Providential intervention; it’s the only way I can describe our escape from death. There's no way we should have made it past the Green Men's guns. Jasper is the unluckiest of us all. Thirteen-years-old and now a lifetime ahead of him with three dead men's lives on his conscious.
It's time to move on from this place. Its relative comforts have been destroyed. There would be no use in expending the physical effort it would take to rebuild, especially if more Green Men will be stopping by for the same kind of pleasantries.
If this were a movie, our viewers would know that everything would be alright by how the sun peeked through the grey mist of rain. A daughter might take her mother's hand, while the boy stood tall and protective by their side—hope; that senseless, rash, balloon of ever popping emotions. But there is no sun today, and the kids do not move to hold our hands. We will travel on from this place, finding new shelter, trying to carve out some sort of life for our children. We will pack what little belongings we have and head north.
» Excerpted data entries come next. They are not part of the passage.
text \<open>If all neighbours of u and v lay in {u, v, x}, then x would separate
  {u, v} - {x} from a fourth vertex.\<close>
lemma two_connected_nbhds_not_subset:
  assumes "two_connected V E" "4 \<le> card V" "x \<in> V" "v \<in> V" "v \<noteq> x"
  shows "\<not> nbhd V E u \<union> nbhd V E v \<subseteq> {u, v, x}"
proof
  assume nbhds: "nbhd V E u \<union> nbhd V E v \<subseteq> {u, v, x}"
  obtain t where t: "t \<in> V" "t \<notin> {u, v, x}"
    using card_ge_4_ex_outside[OF assms(2)] by blast
  have "connected_on (V - {x}) E"
    using assms(1,3) unfolding two_connected_def by blast
  then obtain w where w: "is_walk (V - {x}) E w" "hd w = v" "last w = t"
    using assms(4,5) t unfolding connected_on_def by blast
  then obtain a b where "a \<in> {u, v} - {x}" "b \<in> (V - {x}) - ({u, v} - {x})" "E a b"
    using is_walk_exits_set[of "V - {x}" E w "{u, v} - {x}"] assms(5) t by auto
  then show False
    using nbhds unfolding nbhd_def by auto
qed

lemma delta2_ge_le_card:
  assumes "delta2_ge V E k" "u \<in> V" "v \<in> V" "u \<noteq> v" "\<not> E u v"
    and "finite A" "nbhd V E u \<union> nbhd V E v \<subseteq> A"
  shows "k \<le> card A"
  using assms card_mono[OF assms(6,7)] unfolding delta2_ge_def by (meson order.trans)

lemma has_chorded_cycle_if_path_start_nbrs:
  assumes sym: "\<forall>u v. E u v \<longrightarrow> E v u" and p: "is_path V E p"
    and ei: "E (p ! 0) (p ! i)" and ej: "E (p ! 0) (p ! j)"
    and ij: "1 < i" "i < j" "j < length p"
  shows "has_chorded_cycle V E"
proof -
  define c where "c = take (Suc j) p"
  have walk: "is_walk V E p" and "distinct p"
    using p unfolding is_path_def by auto
  have lc: "length c = Suc j"
    using ij c_def by simp
  have "is_cycle V E c"
    unfolding is_cycle_def
  proof (intro conjI allI impI)
    show "3 \<le> length c" "distinct c"
      using lc ij c_def \<open>distinct p\<close> by simp_all
    show "set c \<subseteq> V"
      using is_walk_set[OF walk] set_take_subset c_def by fastforce
    fix l assume "l < length c"
    then consider "l < j" | "l = j"
      using lc by linarith
    then show "E (c ! l) (c ! ((l + 1) mod length c))"
    proof cases
      case 1
      then show ?thesis using is_walk_nth_edge[OF walk, of l] ij lc c_def by simp
    next
      case 2
      then show ?thesis using sym ej lc c_def by simp
    qed
  qed
  moreover have "E (c ! 0) (c ! i)"
    using ei c_def ij by simp
  moreover have "0 < length c" "i < length c"
    "i \<noteq> (0 + 1) mod length c" "0 \<noteq> (i + 1) mod length c"
    using lc ij by simp_all
  ultimately show ?thesis
    unfolding has_chorded_cycle_def by blast
qed
(* Let $n\ge 1$, let $\lambda_0\in\mathbb{C}$, and let $\lambda_1^{\mathcal{C}},\dots,\lambda_n^{\mathcal{C}},\lambda_1^{\mathcal{B}},\dots,\lambda_n^{\mathcal{B}}\in\mathbb{C}$. Put $X=\{\lambda_1^{\mathcal{C}},\dots,\lambda_n^{\mathcal{C}}\}$, $Y=\{\lambda_1^{\mathcal{B}},\dots,\lambda_n^{\mathcal{B}}\}$, $X_\lambda=X\setminus\{\lambda\}$, $Y_\lambda=Y\setminus\{\lambda\}$. For $\lambda=\lambda_k^{\mathcal{C}}\in X$, let $\vec X^{0,n}_\lambda$ be the $n$-tuple obtained from $(\lambda_0,\lambda_1^{\mathcal{C}},\dots,\lambda_n^{\mathcal{C}})$ by deleting $\lambda_k^{\mathcal{C}}$; for $\lambda=\lambda_k^{\mathcal{B}}\in Y$, let $\vec Y^{0,n}_\lambda$ be obtained from $(\lambda_0,\lambda_1^{\mathcal{B}},\dots,\lambda_n^{\mathcal{B}})$ by deleting $\lambda_k^{\mathcal{B}}$. Define $$\widetilde M_0=\Lambda_{\tilde{\mathcal{D}}}(\lambda_0)\Big\{\prod_{\lambda\in Y}\frac{a(\lambda_0-\lambda)}{b(\lambda_0-\lambda)}\frac{a(\lambda_0+\lambda+\gamma)}{b(\lambda_0+\lambda+\gamma)}-\prod_{\lambda\in X}\frac{a(\lambda_0-\lambda)}{b(\lambda_0-\lambda)}\frac{a(\lambda_0+\lambda+\gamma)}{b(\lambda_0+\lambda+\gamma)}\Big\},$$ $$\widetilde N^{(\mathcal{C})}_\lambda=-\Lambda_{\mathcal{A}}(\lambda)\frac{c}{a(2\lambda_0)}\frac{b(2\lambda)}{a(2\lambda)}\frac{a(2\lambda_0+\gamma)}{a(\lambda_0+\lambda)}\prod_{\tilde\lambda\in X_\lambda}\frac{a(\tilde\lambda-\lambda)}{b(\tilde\lambda-\lambda)}\frac{b(\tilde\lambda+\lambda)}{a(\tilde\lambda+\lambda)}+\Lambda_{\tilde{\mathcal{D}}}(\lambda)\frac{a(2\lambda_0+\gamma)}{b(2\lambda_0+\gamma)}\frac{c}{b(\lambda_0-\lambda)}\prod_{\tilde\lambda\in X_\lambda}\frac{a(\lambda-\tilde\lambda)}{b(\lambda-\tilde\lambda)}\frac{a(\lambda+\tilde\lambda+\gamma)}{b(\lambda+\tilde\lambda+\gamma)}$$ for $\lambda\in X$, and $$\widetilde N^{(\mathcal{B})}_\lambda=\Lambda_{\mathcal{A}}(\lambda)\frac{c}{a(2\lambda_0)}\frac{b(2\lambda)}{a(2\lambda)}\frac{a(2\lambda_0+\gamma)}{a(\lambda_0+\lambda)}\prod_{\tilde\lambda\in Y_\lambda}\frac{a(\tilde\lambda-\lambda)}{b(\tilde\lambda-\lambda)}\frac{b(\tilde\lambda+\lambda)}{a(\tilde\lambda+\lambda)}-\Lambda_{\tilde{\mathcal{D}}}(\lambda)\frac{a(2\lambda_0+\gamma)}{b(2\lambda_0+\gamma)}\frac{c}{b(\lambda_0-\lambda)}\prod_{\tilde\lambda\in Y_\lambda}\frac{a(\lambda-\tilde\lambda)}{b(\lambda-\tilde\lambda)}\frac{a(\lambda+\tilde\lambda+\gamma)}{b(\lambda+\tilde\lambda+\gamma)}$$ for $\lambda\in Y$. Then $$\widetilde M_0\,\mathcal{S}_n(\lambda_1^{\mathcal{C}},\dots,\lambda_n^{\mathcal{C}}\,|\,\lambda_1^{\mathcal{B}},\dots,\lambda_n^{\mathcal{B}})+\sum_{\lambda\in X}\widetilde N^{(\mathcal{C})}_\lambda\,\mathcal{S}_n(\vec X^{0,n}_\lambda\,|\,\lambda_1^{\mathcal{B}},\dots,\lambda_n^{\mathcal{B}})+\sum_{\lambda\in Y}\widetilde N^{(\mathcal{B})}_\lambda\,\mathcal{S}_n(\lambda_1^{\mathcal{C}},\dots,\lambda_n^{\mathcal{C}}\,|\,\vec Y^{0,n}_\lambda)=0.$$
   Context: Fix generic $\gamma,h\in\mathbb{C}$, an integer $L\ge1$ and inhomogeneities $\mu_1,\dots,\mu_L\in\mathbb{C}$. Set $a(\lambda)=\sinh(\lambda+\gamma)$, $b(\lambda)=\sinh(\lambda)$, $c=\sinh(\gamma)$ (a constant). Let $\mathcal{R}(\lambda)\in\mathrm{End}(\mathbb{C}^2\otimes\mathbb{C}^2)$ be the six-vertex R-matrix, which in the basis $e_1\otimes e_1,e_1\otimes e_2,e_2\otimes e_1,e_2\otimes e_2$ is $\begin{pmatrix}a(\lambda)&0&0&0\\0&b(\lambda)&c&0\\0&c&b(\lambda)&0\\0&0&0&a(\lambda)\end{pmatrix}$, and let $\mathcal{K}(\lambda)=\mathrm{diag}(\sinh(h+\lambda),\sinh(h-\lambda))$. With auxiliary space $V_0\cong\mathbb{C}^2$ and quantum space $V_{\mathcal{Q}}=(\mathbb{C}^2)^{\otimes L}$, $\mathcal{R}_{0j}$ is $\mathcal{R}$ acting on $V_0\otimes V_j$ and $\mathcal{K}_0$ is $\mathcal{K}$ on $V_0$. Define $\mathcal{A},\mathcal{B},\mathcal{C},\mathcal{D}(\lambda)\in\mathrm{End}(V_{\mathcal{Q}})$ by $\mathcal{R}_{0L}(\lambda-\mu_L)\cdots\mathcal{R}_{01}(\lambda-\mu_1)\mathcal{K}_0(\lambda)\mathcal{R}_{01}(\lambda+\mu_1)\cdots\mathcal{R}_{0L}(\lambda+\mu_L)=\begin{pmatrix}\mathcal{A}(\lambda)&\mathcal{B}(\lambda)\\\mathcal{C}(\lambda)&\mathcal{D}(\lambda)\end{pmatrix}$ on $V_0$. Let $|0\rangle=(1,0)^{T\otimes L}$, $\langle0|=(1,0)^{\otimes L}$. The scalar product is $\mathcal{S}_n(\lambda_1^{\mathcal{C}},\dots,\lambda_n^{\mathcal{C}}|\lambda_1^{\mathcal{B}},\dots,\lambda_n^{\mathcal{B}})=\langle0|\mathcal{C}(\lambda_n^{\mathcal{C}})\cdots\mathcal{C}(\lambda_1^{\mathcal{C}})\mathcal{B}(\lambda_1^{\mathcal{B}})\cdots\mathcal{B}(\lambda_n^{\mathcal{B}})|0\rangle$. Also $\Lambda_{\mathcal{A}}(\lambda)=b(h+\lambda)\prod_{j=1}^L a(\lambda-\mu_j)a(\lambda+\mu_j)$ and $\Lambda_{\tilde{\mathcal{D}}}(\lambda)=-\frac{b(2\lambda)}{a(2\lambda)}a(\lambda-h)\prod_{j=1}^L b(\lambda-\mu_j)b(\lambda+\mu_j)$. The identity is understood as an identity of meromorphic functions of all variables. *)

theory Defs
  imports Complex_Main
begin
(* Let $\gamma_1,\dots,\gamma_B$ be i.i.d. with density $f(\gamma)=\frac{m^m\gamma^{m-1}}{\Gamma(m)}e^{-m\gamma}$, $\gamma\ge0$ ($m>0$), let $\beta>0$ and $0<R\le I_{\mathcal X}(\beta)$. With $I^\beta_{\mathcal X}(\rho)=I_{\mathcal X}(\beta)\mathbf 1\{\rho\ge\beta\}$, there is a constant $\mathcal K_\beta>0$ such that, as $P\to\infty$, \[ \Pr\Big(\frac1B\sum_{b=1}^B I^\beta_{\mathcal X}(P\gamma_b)<R\Big)\doteq \mathcal K_\beta P^{-m\,d_\beta(R)},\qquad d_\beta(R)=1+\Big\lfloor B\Big(1-\frac{R}{I_{\mathcal X}(\beta)}\Big)\Big\rfloor. \]
   Context: $I_{\mathcal X}(\rho)$ is the mutual information (bits) of the AWGN channel with SNR $\rho$ and uniform input on a discrete constellation $\mathcal X$; $I_{\mathcal X}(\beta)>0$. Exponential equality: $f(P)\doteq KP^{-d}$ means $\lim_{P\to\infty}f(P)P^d=K$. *)

theory Defs
  imports "HOL-Probability.Probability"
begin

definition nakagami_pdf :: "real \<Rightarrow> real \<Rightarrow> real" where
  "nakagami_pdf m g = (if g \<ge> 0 then m powr m * g powr (m - 1) / Gamma m * exp (- m * g) else 0)"

definition nakagami_measure :: "real \<Rightarrow> real measure" where
  "nakagami_measure m = density lborel (\<lambda>g. ennreal (nakagami_pdf m g))"

text \<open>Thresholded mutual information  I^beta(rho) = I(beta) * 1{rho \<ge> beta};
  the argument Ibeta stands for the value I_X(beta) > 0.\<close>
definition thr_MI :: "real \<Rightarrow> real \<Rightarrow> real \<Rightarrow> real" where
  "thr_MI Ibeta beta rho = (if rho \<ge> beta then Ibeta else 0)"
lemma column_eigenvector_of_eigendecomposition:
  fixes H :: "real^'r^'k" and d :: "real^'r"
  assumes H_orth: "transpose H ** H = mat 1"
  shows "(H ** diag_mat d ** transpose H) *v column i H = d$i *s column i H"
    and "column i H \<noteq> 0"
proof -
  have "diag_mat d *v axis i 1 = d$i *s axis i 1"
    by (simp add: diag_mat_mult_vector vec_eq_iff axis_def)
  moreover have "(H ** diag_mat d ** transpose H) *v (H *v axis i 1)
      = H *v (diag_mat d *v ((transpose H ** H) *v axis i 1))"
    by (simp only: matrix_vector_mul_assoc matrix_mul_assoc)
  ultimately show "(H ** diag_mat d ** transpose H) *v column i H = d$i *s column i H"
    by (simp add: H_orth vector_scalar_commute flip: matrix_vector_mult_basis)
  have "transpose H *v (H *v axis i 1) = axis i 1"
    by (simp only: matrix_vector_mul_assoc H_orth matrix_vector_mul_lid)
  then show "column i H \<noteq> 0"
    by (metis axis_eq_0_iff matrix_vector_mult_0_right matrix_vector_mult_basis zero_neq_one)
qed

lemma eigenvector_of_compression:
  fixes Q :: "real^'k^'n" and M :: "real^'k^'k"
  assumes Q_orth: "transpose Q ** Q = mat 1"
    and eig: "M *v h = c *s h" and "h \<noteq> 0"
  shows "(Q ** M ** transpose Q) *v (Q *v h) = c *s (Q *v h)"
    and "Q *v h \<noteq> 0"
proof -
  have "(Q ** M ** transpose Q) *v (Q *v h) = Q *v (M *v ((transpose Q ** Q) *v h))"
    by (simp only: matrix_vector_mul_assoc matrix_mul_assoc)
  then show "(Q ** M ** transpose Q) *v (Q *v h) = c *s (Q *v h)"
    by (simp add: Q_orth eig vector_scalar_commute)
  have "transpose Q *v (Q *v h) = h"
    by (simp only: matrix_vector_mul_assoc Q_orth matrix_vector_mul_lid)
  then show "Q *v h \<noteq> 0" using \<open>h \<noteq> 0\<close> by auto
qed

lemma eigenvalue_of_eigendecomposition:
  fixes U :: "real^'r^'n" and s :: "real^'r"
  assumes U_orth: "transpose U ** U = mat 1"
    and eig: "(U ** diag_mat s ** transpose U) *v v = c *s v" and "v \<noteq> 0" and "c \<noteq> 0"
  shows "\<exists>j. s$j = c"
proof -
  define w where "w = transpose U *v v"
  define w' where "w' = (1 / c) *s (diag_mat s *v w)"
  have "U *v (diag_mat s *v w) = c *s v"
    using eig unfolding w_def by (simp only: matrix_vector_mul_assoc matrix_mul_assoc)
  then have v_eq: "v = U *v w'"
    using \<open>c \<noteq> 0\<close> by (simp add: w'_def vector_scalar_commute vector_smult_assoc)
  then have "w = w'"
    unfolding w_def by (simp only: matrix_vector_mul_assoc U_orth matrix_vector_mul_lid)
  then have "c *s w = c *s w'" by (rule arg_cong)
  then have "diag_mat s *v w = c *s w"
    using \<open>c \<noteq> 0\<close> by (simp add: w'_def vector_smult_assoc)
  moreover have "w \<noteq> 0" using v_eq \<open>v \<noteq> 0\<close> \<open>w = w'\<close> by auto
  ultimately show ?thesis by (rule diag_mat_eigenvalue)
qed

lemma eigenvalue_of_compressed_eigendecomposition:
  fixes H :: "real^'r^'k" and Q :: "real^'k^'n" and U :: "real^'q^'n"
  assumes "transpose H ** H = mat 1" and "transpose Q ** Q = mat 1" and "transpose U ** U = mat 1"
    and "Q ** (H ** diag_mat d ** transpose H) ** transpose Q = U ** diag_mat s ** transpose U"
    and "d$i \<noteq> 0"
  shows "\<exists>j. s$j = d$i"
proof -
  have "(H ** diag_mat d ** transpose H) *v column i H = d$i *s column i H" "column i H \<noteq> 0"
    using column_eigenvector_of_eigendecomposition[OF assms(1)] by blast+
  then have "(U ** diag_mat s ** transpose U) *v (Q *v column i H) = d$i *s (Q *v column i H)"
    and "Q *v column i H \<noteq> 0"
    using eigenvector_of_compression[OF assms(2)] assms(4) by metis+
  then show ?thesis using eigenvalue_of_eigendecomposition[OF assms(3)] assms(5) by blast
qed

lemma transpose_mult_self_nth: "(transpose A ** A)$k$l = column k A \<bullet> column l A"
  by (simp add: matrix_matrix_mult_def transpose_def column_def inner_vec_def)

lemma column_diag_mat_mult_membership:
  assumes "membership_matrix Th"
  shows "column k (diag_mat th ** Th) = phi_vec Th th k"
proof -
  have "Th$i$k = 0 \<or> Th$i$k = 1" for i
    using assms by (simp add: membership_matrix_def)
  then show ?thesis
    by (auto simp: vec_eq_iff column_def phi_vec_def community_def diag_mat_mult_matrix_nth)
qed

lemma phi_vec_orthogonal:
  assumes "membership_matrix Th" and "k \<noteq> l"
  shows "phi_vec Th th k \<bullet> phi_vec Th th l = 0"
proof -
  have "community Th k \<inter> community Th l = {}"
    using assms unfolding membership_matrix_def community_def by blast
  then have "phi_vec Th th k $ i * phi_vec Th th l $ i = 0" for i
    by (auto simp: phi_vec_def)
  then show ?thesis unfolding inner_vec_def inner_real_def by (intro sum.neutral) blast
qed

lemma phi_vec_nonzero:
  assumes "community Th k \<noteq> {}" and "\<forall>i. th$i > 0"
  shows "phi_vec Th th k \<noteq> 0"
proof -
  obtain i where "i \<in> community Th k" using assms(1) by blast
  then have "phi_vec Th th k $ i > 0" using assms(2) by (simp add: phi_vec_def)
  then show ?thesis by auto
qed

lemma transpose_mult_self_membership:
  assumes "membership_matrix Th"
  shows "transpose (diag_mat th ** Th) ** (diag_mat th ** Th) = Omega_mat Th th ** Omega_mat Th th"
proof -
  have "(transpose (diag_mat th ** Th) ** (diag_mat th ** Th))$k$l
      = (if k = l then norm (phi_vec Th th k) * norm (phi_vec Th th k) else 0)" for k l
    using phi_vec_orthogonal[OF assms]
    by (simp add: transpose_mult_self_nth column_diag_mat_mult_membership[OF assms] norm_eq_sqrt_inner)
  then show ?thesis
    unfolding Omega_mat_def diag_mat_mult by (simp add: vec_eq_iff diag_mat_def)
qed

lemma Bbar_orthonormal_compression:
  assumes memb: "membership_matrix Th"
    and nonempty: "\<forall>k. community Th k \<noteq> {}" and th_pos: "\<forall>i. th$i > 0"
  shows "\<exists>Q. transpose Q ** Q = mat 1
    \<and> Q ** Bbar Th th B ** transpose Q = diag_mat th ** Th ** B ** transpose Th ** diag_mat th"
proof -
  define Phi where "Phi = diag_mat th ** Th"
  define om where "om = (\<chi> k. norm (phi_vec Th th k))"
  define Om_inv where "Om_inv = diag_mat (\<chi> k. inverse (om$k))"
  have "\<forall>k. om$k \<noteq> 0"
    using nonempty th_pos by (simp add: om_def phi_vec_nonzero)
  then have inv: "diag_mat om ** Om_inv = mat 1" "Om_inv ** diag_mat om = mat 1"
    unfolding Om_inv_def by (simp_all add: diag_mat_mult_inverse)
  have Om: "Omega_mat Th th = diag_mat om" by (simp add: Omega_mat_def om_def)
  have sym: "transpose Om_inv = Om_inv" by (simp add: Om_inv_def transpose_diag_mat)
  have "transpose (Phi ** Om_inv) ** (Phi ** Om_inv) = Om_inv ** (transpose Phi ** Phi) ** Om_inv"
    by (simp add: sym matrix_transpose_mul matrix_mul_assoc)
  also have "\<dots> = (Om_inv ** diag_mat om) ** (diag_mat om ** Om_inv)"
    unfolding Phi_def transpose_mult_self_membership[OF memb] Om by (simp add: matrix_mul_assoc)
  finally have "transpose (Phi ** Om_inv) ** (Phi ** Om_inv) = mat 1"
    by (simp add: inv)
  moreover have "(Phi ** Om_inv) ** Bbar Th th B ** transpose (Phi ** Om_inv)
      = Phi ** (Om_inv ** diag_mat om) ** B ** (diag_mat om ** Om_inv) ** transpose Phi"
    by (simp add: Bbar_def Om sym matrix_transpose_mul matrix_mul_assoc)
  then have "(Phi ** Om_inv) ** Bbar Th th B ** transpose (Phi ** Om_inv)
      = diag_mat th ** Th ** B ** transpose Th ** diag_mat th"
    by (simp add: inv Phi_def matrix_transpose_mul transpose_diag_mat matrix_mul_assoc)
  ultimately show ?thesis by blast
qed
Of course, if this was one of those long-forgotten films, we wouldn't take the money. It would be left in the cellar, a token given back to the earth, symbolizing the new world's beginning. The player's recognizing the insignificance of those little green bills in an ecosphere that has shifted into something more raw and primal.
But, as I said, these things never quite happen the same way they do in the movies, so I take on the extra weight, pack the money, finish setting down the sentence in this tattered and worn notebook and look forward with hope that not all is lost of the civilization I once loved.